December 31, 2007 Article Start Previous Page 7 of 10 Next
 

Top 5 Poignant Game Moments

This time, we look at gaming's top five most poignant moments. If games were just toys, we'd still love them, but we follow them as a medium because they affect us. The question of emotional, personal engagement continues to persist this year, widely discussed in industry circles -- just how essential it is, how to create it in an authentic way.

In a banner year, what will we remember about this year's slate of titles?
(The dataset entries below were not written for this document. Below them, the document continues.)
(* Let $v$ be a weight on $[0,1)$ such that $\sup_{t\in[0,1)}\|C_t\|_{H^\infty_v\to H^\infty_v}<\infty$. Then $C_1$ maps $H^\infty_v$ into $H^\infty_v$ and $C_1\colon H^\infty_v\to H^\infty_v$ is continuous.
   Context: $\mathbb{D}=\{z\in\mathbb{C}:|z|<1\}$ and $H(\mathbb{D})$ is the space of holomorphic functions on $\mathbb{D}$. A weight is a continuous non-increasing function $v\colon[0,1)\to(0,\infty)$, extended to $\mathbb{D}$ by $v(z):=v(|z|)$. $H^\infty_v=\{f\in H(\mathbb{D}):\|f\|_{\infty,v}:=\sup_{z\in\mathbb{D}}|f(z)|v(z)<\infty\}$ with norm $\|\cdot\|_{\infty,v}$. For $t\in[0,1]$ the generalized Cesàro operator $C_t$ is defined on $f\in H(\mathbb{D})$ by $C_tf(0)=f(0)$ and $C_tf(z)=\frac{1}{z}\int_0^z\frac{f(\xi)}{1-t\xi}\,d\xi$ for $z\in\mathbb{D}\setminus\{0\}$; for $t\in[0,1)$, $C_t$ is a bounded operator on $H^\infty_v$. *)

theory Defs
  imports "HOL-Complex_Analysis.Complex_Analysis"
begin

definition weight :: "(real \<Rightarrow> real) \<Rightarrow> bool" where
  "weight v \<longleftrightarrow> continuous_on {0..<1} v
     \<and> (\<forall>r\<in>{0..<1}. \<forall>s\<in>{0..<1}. r \<le> s \<longrightarrow> v s \<le> v r)
     \<and> (\<forall>r\<in>{0..<1}. 0 < v r)"

definition Hinf_v :: "(real \<Rightarrow> real) \<Rightarrow> (complex \<Rightarrow> complex) set" where
  "Hinf_v v = {f. f holomorphic_on ball 0 1
      \<and> (\<exists>C. \<forall>z\<in>ball 0 1. norm (f z) * v (norm z) \<le> C)}"

definition norm_v :: "(real \<Rightarrow> real) \<Rightarrow> (complex \<Rightarrow> complex) \<Rightarrow> real" where
  "norm_v v f = (SUP z\<in>ball 0 1. norm (f z) * v (norm z))"

definition cesaro :: "real \<Rightarrow> (complex \<Rightarrow> complex) \<Rightarrow> complex \<Rightarrow> complex" where
  "cesaro t f z = (if z = 0 then f 0
     else (1 / z) * contour_integral (linepath 0 z) (\<lambda>\<xi>. f \<xi> / (1 - of_real t * \<xi>)))"

end

theory Submission
  imports Defs
begin

(* For fixed z in the disc, t |-> C_t f(z) is Lipschitz on [-1,1]: on the segment [0,z] the
   kernels 1/(1 - t xi) stay at distance at least 1 - |z| from their pole, uniformly in t.
   Letting t -> 1- in |C_t f(z)| v(z) <= M ||f||_v therefore gives the same bound for C_1 f.
   Holomorphy of C_1 f is a removable singularity: C_1 f(z) = (G z - G 0) / z, where G is the
   primitive of f(xi)/(1 - xi) obtained by integrating along rays from 0. *)

lemma norm_one_minus_of_real_mult_ge:
  fixes \<xi> :: complex
  shows "1 - \<bar>t\<bar> * norm \<xi> \<le> norm (1 - of_real t * \<xi>)"
  using norm_triangle_ineq2[of 1 "of_real t * \<xi>"] by (simp add: norm_mult)

lemma one_minus_of_real_mult_nonzero:
  fixes \<xi> :: complex
  shows "\<bar>t\<bar> * norm \<xi> < 1 \<Longrightarrow> 1 - of_real t * \<xi> \<noteq> 0"
  using norm_one_minus_of_real_mult_ge[of t \<xi>] by auto

lemma norm_le_if_in_closed_segment_0: "\<xi> \<in> closed_segment 0 z \<Longrightarrow> norm \<xi> \<le> norm z"
  using segment_bound1[of \<xi> 0 z] by simp

lemma holomorphic_on_imp_continuous_on_closed_segment:
  assumes "f holomorphic_on S" "convex S" "a \<in> S" "b \<in> S"
  shows "continuous_on (closed_segment a b) f"
  using assms by (meson closed_segment_subset continuous_on_subset holomorphic_on_imp_continuous_on)

lemma contour_integrable_cesaro_integrand:
  assumes "continuous_on (closed_segment 0 z) f" "\<bar>t\<bar> * norm z < 1"
  shows "(\<lambda>\<xi>. f \<xi> / (1 - of_real t * \<xi>)) contour_integrable_on linepath 0 z"
proof (rule contour_integrable_continuous_linepath)
  have "\<bar>t\<bar> * norm \<xi> < 1" if "\<xi> \<in> closed_segment 0 z" for \<xi>
    using mult_left_mono[OF norm_le_if_in_closed_segment_0[OF that], of "\<bar>t\<bar>"] assms(2) by simp
  then show "continuous_on (closed_segment 0 z) (\<lambda>\<xi>. f \<xi> / (1 - of_real t * \<xi>))"
    using assms(1) by (auto intro!: continuous_intros one_minus_of_real_mult_nonzero)
qed

lemma holomorphic_convex_linepath_primitive:
  assumes "f holomorphic_on S" "convex S" "open S" "a \<in> S" "x \<in> S"
  shows "((\<lambda>x. contour_integral (linepath a x) f) has_field_derivative f x) (at x)"
proof -
  have "((\<lambda>x. contour_integral (linepath a x) f) has_field_derivative f x) (at x within S)"
  proof (rule triangle_contour_integrals_convex_primitive)
    fix b c assume "b \<in> S" "c \<in> S"
    then have "convex hull {a, b, c} \<subseteq> S"
      using assms(2,4) by (simp add: hull_minimal)
    then have "(f has_contour_integral 0) (linepath a b +++ linepath b c +++ linepath c a)"
      by (intro Cauchy_theorem_triangle holomorphic_on_subset[OF assms(1)])
    then show "contour_integral (linepath a b) f + contour_integral (linepath b c) f
        + contour_integral (linepath c a) f = 0"
      by (rule has_chain_integral_chain_integral3)
  qed (use assms in \<open>auto intro: holomorphic_on_imp_continuous_on\<close>)
  then show ?thesis
    using at_within_open[OF assms(5,3)] by simp
qed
The answers are largely personal and subjective, but here are ours.



[Spoilers proliferate, so we suggest a quick eye-scan of the header titles before reading.]

5. The Rivalry Lives (Mario & Sonic At The Olympic Games)

Our schoolyard factions from an era past never thought they'd live to see the day. While the Genesis and Super Nintendo once ran neck-in-neck, years later, one of the ongoing console wars' most significant casualties eventually made its final departure from the battle, cemented with the defeat of the widely beloved Dreamcast.

Mario & Sonic At The Olympic Games resurrects one of the oldest and most significant rivalries in gaming, as the plumber and the Hedgehog go head to head for the very first time in history on Nintendo's revolutionary, wildly successful console.

The Sega-loving eight-year-old in you stirs, quietly affronted, and those children of the Nintendo camp, now adults, extend the hand of magnanimity with this indisputable proof of their victory. And those for whom the rivalry still lives can battle for the banner of their youth, the Olympic competition presented in the game invested with just a little bit more for that old, old grudge.

4. To Kill A Mockingbird (The Darkness)

The Darkness is perhaps a lesson in the perils of over-ambitiousness, but the fateful, grim allegory of Jackie Estacado gets one thing right -- early on in the game, you have the opportunity to merely exist with girlfriend Jenny.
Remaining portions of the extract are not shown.